Histone Deacetylase-2 and Steroid Responsiveness in Pediatric Nephrotic Syndrome: An Epigenetic Perspective from Egyptian Cohorts

Abstract

Background: Nephrotic syndrome (NS) is one of the most common chronic glomerular disorders in childhood, characterized by heavy proteinuria, hypoalbuminemia, edema, and hyperlipidemia. Glucocorticoids remain the cornerstone of therapy, and the initial response to steroid treatment serves as the strongest predictor of long-term outcome. While most children achieve remission with corticosteroids, a substantial proportion develop steroid resistant nephrotic syndrome (SRNS), which is associated with progression to chronic kidney disease and increased morbidity. The mechanisms underlying variable steroid responsiveness remain incompletely understood. Recent research highlights the role of epigenetic regulation, particularly histone modifications, in modulating glucocorticoid receptor (GR) signaling. Histone deacetylase-2 (HDAC2), a class I histone deacetylase, has emerged as a pivotal regulator of glucocorticoid-mediated anti-inflammatory activity by remodeling chromatin and facilitating transcriptional repression of pro-inflammatory genes. Reduced expression or activity of HDAC2 has been implicated in impaired steroid responsiveness in several chronic inflammatory conditions, raising interest in its role in pediatric nephrotic syndrome. This review aims to critically evaluate the relationship between HDAC2 expression and activity and steroid responsiveness in children with nephrotic syndrome, with particular emphasis on Egyptian pediatric cohorts where SRNS prevalence is relatively high. We explore current evidence from preclinical studies, clinical investigations, and genetic/epigenetic research, highlighting how HDAC2 deficiency may contribute to steroid resistance. Furthermore, we discuss the potential utility of HDAC2 as a predictive biomarker and as a therapeutic target for novel epigenetic interventions.
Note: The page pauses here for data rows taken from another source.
(* Consider an instance of the robust flow design problem on a directed graph $D=(V,A)$ with source $s$, sink $t$, capacities $u\in\mathbb{R}_+^A$, protection cost coefficients $\gamma\in\mathbb{R}_+^A$, flow player budget $B_F>0$ and interdictor budget $B_I\ge0$. Let $x$ be an optimal solution of the linear program $[\mathrm{LP}_{\mathrm{design}}]$: maximize $\sum_{P\in\mathcal{P}}\big(1-\frac{B_I}{B_F}\sum_{e\in P}\gamma_e\big)x_P$ subject to $\sum_{P\in\mathcal{P}:e\in P}x_P\le u_e$ for all $e\in A$ and $x_P\ge0$ for all $P\in\mathcal{P}$. Then $x$ is an optimal flow for the flow player in the design problem, i.e. there exist interdiction costs $c$ such that $(x,c)$ is an optimal solution of the design problem.
   Context: $\mathcal{P}$ is the set of $s$-$t$-paths in $D$ and $X=\{x\in\mathbb{R}_+^{\mathcal{P}}:\sum_{P\ni e}x_P\le u_e\ \forall e\in A\}$. In the design problem the flow player chooses $x\in X$ and interdiction costs $c\in\mathbb{R}_+^A$ subject to $\sum_{e\in A}\gamma_e c_e\sum_{P\in\mathcal{P}:e\in P}x_P\le B_F$; for arcs with $\gamma_e=0$ one has $c_e=\infty$ (flow cannot be stolen there). The interdictor then chooses $z\in\mathbb{R}_+^{A\times\mathcal{P}}$ with $\sum_{e\in A}c_e\sum_{P\ni e}z_{e,P}\le B_I$ (and $z_{e,P}=0$ if $c_e=\infty$), and the value is $\mathrm{val}(x,z)=\sum_{P\in\mathcal{P}}(x_P-\sum_{e\in P}z_{e,P})^+$. An optimal solution is a feasible pair $(x,c)$ maximizing $\min_z\mathrm{val}(x,z)$. *)

theory Defs
  imports Main "HOL-Library.Extended_Real"
begin

definition is_st_path ::
  "'e set \<Rightarrow> ('e \<Rightarrow> 'v) \<Rightarrow> ('e \<Rightarrow> 'v) \<Rightarrow> 'v \<Rightarrow> 'v \<Rightarrow> 'e list \<Rightarrow> bool" where
  "is_st_path A tail head s t P \<longleftrightarrow>
     P \<noteq> [] \<and> set P \<subseteq> A \<and> tail (P ! 0) = s \<and> head (last P) = t \<and>
     (\<forall>i. Suc i < length P \<longrightarrow> head (P ! i) = tail (P ! Suc i)) \<and>
     distinct (s # map head P)"

definition st_paths :: "'e set \<Rightarrow> ('e \<Rightarrow> 'v) \<Rightarrow> ('e \<Rightarrow> 'v) \<Rightarrow> 'v \<Rightarrow> 'v \<Rightarrow> 'e list set" where
  "st_paths A tail head s t = {P. is_st_path A tail head s t P}"

definition arc_flow :: "'e list set \<Rightarrow> ('e list \<Rightarrow> real) \<Rightarrow> 'e \<Rightarrow> real" where
  "arc_flow \<P> x e = (\<Sum>P\<in>{P\<in>\<P>. e \<in> set P}. x P)"
(* For every fixed-precision transformer $T$ over a finite alphabet $\Sigma$ with bit precision $p$, hidden dimension $d$ and depth $L$, there exists a $\mathsf{C\text{-}RASP}_+$ program $P$ that simulates $T$ and has size $O(|\Sigma|\,L\,p^2\,d\,2^{p^3d})$, depth $O(L)$, precision $O(p)$ and girth $O(p)$.
   Context: $\mathbb F=\mathbb F_{p,s}$ is the set of rationals $m\cdot 2^{-s}$ with $m\in\mathbb Z$, $-2^{p-1}\le m<2^{p-1}$; $\mathrm{round}(x)$ is the greatest element of $\mathbb F$ that is $\le x$. A (future-masked) fixed-precision transformer of depth $L$ and dimension $d$ consists of functions $E:\Sigma\to\mathbb F^d$, $W_Q^{(\ell)},W_K^{(\ell)},W_V^{(\ell)},f^{(\ell)}:\mathbb F^d\to\mathbb F^d$ and $W_{\mathrm{out}}:\mathbb F^d\to\mathbb F$; on input $u$: $h^{(0)}_i=E(u_i)$; per layer $q_i,k_i,v_i$ are the three maps applied to $h^{(\ell-1)}_i$, $s_{ij}=q_i\cdot k_j$, $B_i=\sum_{j\le i}\mathrm{round}(\exp(s_{ij}))$, $\alpha_{ij}=\mathrm{round}(\mathrm{round}(\exp(s_{ij}))/B_i)$, $c_i=\mathrm{round}(\sum_{j\le i}\alpha_{ij}v_j)$, $h^{(\ell)}_i=f^{(\ell)}(c_i+h^{(\ell-1)}_i)$; the output at position $i$ is $T(u)_i=W_{\mathrm{out}}(h^{(L)}_i)$. $\mathsf{C\text{-}RASP}_+$: $\phi ::= \sigma \mid \neg\phi \mid \phi_1\wedge\phi_2 \mid \sum_t\alpha_t t\sim k$, $t ::= \#[\phi]\mid c$, $\alpha_t,k,c\in\mathbb N$, ${\sim}\in\{\ge,>,=,<,\le\}$, with $\#[\phi]$ counting positions $j\le i$ satisfying $\phi$. A formula $\phi$ simulates $T$ if for all $w\in\Sigma^*$ and positions $i$ of $w$: $w,i\models\phi$ iff the output of $T$ on $\texttt{<BOS>}\cdot w$ (with a special beginning-of-sequence symbol prepended) at the position of $w_i$ is $>0$. Program size counts symbols (constants in binary, references to earlier lines as 1); depth counts nesting of $\#$; precision is the number of bits of the largest constant; girth is the maximum number of summands in a sum. *)

theory Defs
  imports Complex_Main
begin

definition Fnum :: "nat \<Rightarrow> nat \<Rightarrow> real set" where
  "Fnum p s = {real_of_int m / 2 ^ s | m. - (2 ^ (p - 1)) \<le> m \<and> m < 2 ^ (p - 1)}"

text \<open>round(x): greatest element of F that is <= x.  Convention when no such element
  exists (x below the minimum of F): the minimum of F (saturation).\<close>
definition rnd :: "nat \<Rightarrow> nat \<Rightarrow> real \<Rightarrow> real" where
  "rnd p s x = (if \<exists>y\<in>Fnum p s. y \<le> x then Max {y \<in> Fnum p s. y \<le> x} else Min (Fnum p s))"

definition Fvec :: "nat \<Rightarrow> nat \<Rightarrow> nat \<Rightarrow> real list set" where
  "Fvec p s d = {x. length x = d \<and> set x \<subseteq> Fnum p s}"

definition dotp :: "real list \<Rightarrow> real list \<Rightarrow> real" where
  "dotp x y = sum_list (map2 (*) x y)"

text \<open>Input symbols are natural numbers; the beginning-of-sequence symbol is None.
  A layer is (W_Q, W_K, W_V, f).\<close>
type_synonym vecfun = "real list \<Rightarrow> real list"

record transformer =
  emb    :: "nat option \<Rightarrow> real list"
  layers :: "(vecfun \<times> vecfun \<times> vecfun \<times> vecfun) list"
  wout   :: "real list \<Rightarrow> real"

definition tdepth :: "transformer \<Rightarrow> nat" where
  "tdepth T = length (layers T)"

definition wf_transformer :: "nat set \<Rightarrow> nat \<Rightarrow> nat \<Rightarrow> nat \<Rightarrow> transformer \<Rightarrow> bool" where
  "wf_transformer \<Sigma> p s d T \<longleftrightarrow>
     (\<forall>a \<in> insert None (Some ` \<Sigma>). emb T a \<in> Fvec p s d) \<and>
     (\<forall>(WQ, WK, WV, f) \<in> set (layers T).
        (\<forall>x \<in> Fvec p s d. WQ x \<in> Fvec p s d \<and> WK x \<in> Fvec p s d \<and> WV x \<in> Fvec p s d) \<and>
        (\<forall>x. length x = d \<longrightarrow> f x \<in> Fvec p s d)) \<and>
     (\<forall>x \<in> Fvec p s d. wout T x \<in> Fnum p s)"

definition layer_apply :: "nat \<Rightarrow> nat \<Rightarrow> nat \<Rightarrow> (vecfun \<times> vecfun \<times> vecfun \<times> vecfun)
    \<Rightarrow> real list list \<Rightarrow> real list list" where
  "layer_apply p s d lay H =
    (case lay of (WQ, WK, WV, f) \<Rightarrow>
      let q = (\<lambda>i. WQ (H ! i)); k = (\<lambda>j. WK (H ! j)); v = (\<lambda>j. WV (H ! j));
          e = (\<lambda>i j. rnd p s (exp (dotp (q i) (k j))));
          B = (\<lambda>i. \<Sum>j\<le>i. e i j);
          \<alpha> = (\<lambda>i j. rnd p s (e i j / B i));
          c = (\<lambda>i. map (\<lambda>t. rnd p s (\<Sum>j\<le>i. \<alpha> i j * (v j ! t))) [0..<d])
      in map (\<lambda>i. f (map2 (+) (c i) (H ! i))) [0..<length H])"

definition hidden :: "nat \<Rightarrow> nat \<Rightarrow> nat \<Rightarrow> transformer \<Rightarrow> nat option list \<Rightarrow> real list list" where
  "hidden p s d T u = foldl (\<lambda>H lay. layer_apply p s d lay H) (map (emb T) u) (layers T)"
Conclusion: Emerging data suggest that reduced HDAC2 expression and activity contribute to impaired glucocorticoid signaling and poor therapeutic outcomes in pediatric nephrotic syndrome. Egyptian studies provide unique insights into the genetic and environmental determinants influencing HDAC2 function, underscoring population-specific variability in steroid response. Restoration of HDAC2 activity through pharmacological agents, antioxidants, or epigenetic modulators represents a promising therapeutic avenue to enhance steroid sensitivity. However, current evidence remains preliminary, and large-scale, multicenter studies are needed to validate HDAC2 as a reliable biomarker and to evaluate targeted interventions in diverse pediatric populations. Integrating HDAC2 profiling into clinical practice could advance personalized medicine in childhood nephrotic syndrome, improving treatment outcomes and reducing the burden of steroid resistance.